I guess these are overlaps for an isolated atomic-like basis. In a solid you are going to have overlaps between PAOs of different (coordinated) atoms. The more coordinated system is the less predictive the eigenvalues of overlap matrix are. Once some of the eigenvalues become negative you are likely to end up with wrong electronic structure.
|
| Re: Using openmx with external pseudopotentials ( No.6 ) |
- Date: 2016/05/12 09:42
- Name: T. Ozaki
- Hi,
With your pao (ca-s2p2d1), the eigenvalues of the overlap matrix for
a Ca dimer (r=4 a.u.) are
--------
Eigenvalues of OLP 1 0.004139084350727
Eigenvalues of OLP 2 0.188405918038244
Eigenvalues of OLP 3 0.188405918038339
Eigenvalues of OLP 4 0.390713214843684
Eigenvalues of OLP 5 0.671365519471135
Eigenvalues of OLP 6 0.789591042348827
Eigenvalues of OLP 7 0.789591042348844
Eigenvalues of OLP 8 0.871155866352737
Eigenvalues of OLP 9 0.871155866352770
Eigenvalues of OLP 10 0.929913266728999
Eigenvalues of OLP 11 0.929913266729099
Eigenvalues of OLP 12 0.938033257394950
Eigenvalues of OLP 13 0.959283034677133
Eigenvalues of OLP 14 1.039833236398056
Eigenvalues of OLP 15 1.060932360731415
Eigenvalues of OLP 16 1.068508272247237
Eigenvalues of OLP 17 1.068508272247329
Eigenvalues of OLP 18 1.127902108701658
Eigenvalues of OLP 19 1.127902108701707
Eigenvalues of OLP 20 1.208490721277828
Eigenvalues of OLP 21 1.208490721277936
Eigenvalues of OLP 22 1.327419684964429
Eigenvalues of OLP 23 1.608277787745180
Eigenvalues of OLP 24 1.810338912611498
Eigenvalues of OLP 25 1.810338912611506
Eigenvalues of OLP 26 1.994356122793647
--------
The first eigenvalue is found to be small even for the dimer, suggesting near the
overcompleteness. For the case, OpenMX tries to eliminate the vector in the spanned space
which can be confirmed in lines 638-644 in Cluster_DFT.c:
if (1.0e+3<C[spin][i1][i1]){
for (j1=1; j1<=n; j1++){
C[spin][i1][j1] = 0.0;
C[spin][j1][i1] = 0.0;
}
C[spin][i1][i1] = 1.0e+4;
}
The treatment is the reason why you got the occupied states having energy of 10000 hartree.

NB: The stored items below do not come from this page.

lemma trajectory_shift: "trajectory \<Phi> (shift c \<rho>) \<mu> x = trajectory \<Phi> \<rho> \<mu> (x - c)"
proof -
  have events: "events (shift c \<rho>) x = (\<lambda>z. z + c) ` events \<rho> (x - c)"
    by (force simp: events_def shift_def image_iff algebra_simps)
  have mono: "strict_mono (\<lambda>z::real. z + c)" by (simp add: strict_mono_def)
  show ?thesis
  proof (cases "finite (events \<rho> (x - c))")
    case True
    have "trajectory \<Phi> (shift c \<rho>) \<mu> x
        = fold (\<lambda>s. Phi_nu \<Phi> (shift c \<rho> s)) (map (\<lambda>z. z + c) (sorted_list_of_set (events \<rho> (x - c)))) \<mu>"
      unfolding trajectory_def events sorted_list_of_set_image_strict_mono[OF True mono] ..
    then show ?thesis by (simp add: trajectory_def fold_map comp_def shift_def)
  next
    case False
    then have "infinite (events (shift c \<rho>) x)"
      using events mono by (auto dest: finite_imageD strict_mono_imp_inj_on)
    then show ?thesis using False by (simp add: trajectory_def)
  qed
qed

lemma progressive_shift_index: "progressive (\<lambda>j. \<alpha> (j + N)) \<longleftrightarrow> progressive \<alpha>"
proof -
  have "finite {j. \<alpha> (j + N) i} \<longleftrightarrow> finite {k. \<alpha> k i}" for i
  proof -
    have "{k. \<alpha> k i} \<subseteq> {..<N} \<union> (\<lambda>j. j + N) ` {j. \<alpha> (j + N) i}"
      by (auto simp: image_iff) (metis le_add_diff_inverse2 not_less)
    moreover have "(\<lambda>j. j + N) ` {j. \<alpha> (j + N) i} \<subseteq> {k. \<alpha> k i}" by auto
    moreover have "inj (\<lambda>j. j + N)" by simp
    ultimately show ?thesis
      by (metis finite_Un finite_imageI finite_lessThan finite_subset inj_on_subset subset_UNIV finite_imageD)
  qed
  then show ?thesis by (simp add: progressive_def)
qed

lemma Seq_shift: "ts \<in> Seq \<Longrightarrow> (\<lambda>k. ts k + c) \<in> Seq"
proof -
  assume "ts \<in> Seq"
  then have "strict_mono ts" and "\<exists>k. M - c < ts k" for M by (auto simp: Seq_def)
  then show ?thesis by (simp add: Seq_def strict_mono_def diff_less_eq)
qed

lemma Seq_shift_index: "ts \<in> Seq \<Longrightarrow> (\<lambda>j. ts (j + N)) \<in> Seq"
proof -
  assume "ts \<in> Seq"
  then have mono: "strict_mono ts" and unb: "\<exists>k. M < ts k" for M by (auto simp: Seq_def)
  have "\<exists>j. M < ts (j + N)" for M
    using unb[of M] mono by (metis le_add1 less_le_trans strict_mono_less_eq)
  then show ?thesis using mono by (auto simp: Seq_def strict_mono_def)
qed

lemma is_rep_shift: "is_rep \<rho> \<alpha> ts \<Longrightarrow> is_rep (shift c \<rho>) \<alpha> (\<lambda>k. ts k + c)"
  unfolding is_rep_def shift_def
  by (auto simp: Seq_shift image_iff) (metis diff_add_cancel)

lemma is_rep_after:
  assumes rep: "is_rep \<rho> \<alpha> ts" and N: "N = (LEAST k. t < ts k)"
  shows "is_rep (after t \<rho>) (\<lambda>j. \<alpha> (j + N)) (\<lambda>j. ts (j + N))"
proof -
  have idx: "ts k \<le> t \<longleftrightarrow> k < N" for k
    unfolding N by (rule Seq_le_iff_less_Least[OF is_repD(2)[OF rep]])
  have "after t \<rho> x = (\<lambda>_. False)" if "x \<notin> range (\<lambda>j. ts (j + N))" for x
  proof (cases "t < x \<and> x \<in> range ts")
    case True
    then obtain k where k: "x = ts k" by blast
    with True idx[of k] have "x = ts (k - N + N)" by simp
    then show ?thesis using that by blast
  qed (use is_repD(5)[OF rep] in \<open>auto simp: after_def\<close>)
  then show ?thesis
    using is_repD[OF rep] idx
    by (auto simp: is_rep_def after_def progressive_shift_index Seq_shift_index not_le[symmetric])
qed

When I commented out the lines and re-performed the calculation, I found that the the splitting
of the 3s states is comparable to that calculated by OpenMX's pao and vps.
However, it would be better to use well optimized and numerically stable basis functions
instead of the current ones, if you still stick to the pseudopotential.
Regards,
TO
P.S.
Could you let us know reference papers about the generation of this type of pseudopotentials?
|
| Re: Using openmx with external pseudopotentials ( No.7 ) |
- Date: 2016/05/12 22:34
- Name: Daniil
- Hi,
Now I see the problem, thanks. Perhaps it is because of large radius of functions (~25 for calcium). We have not yet prepared functions restricted by a spherical potential well, as in openmx, instead I just took a cutoff radius large enough to contain 99,99% of all functions. Anyway, current basis definitely needs improvements.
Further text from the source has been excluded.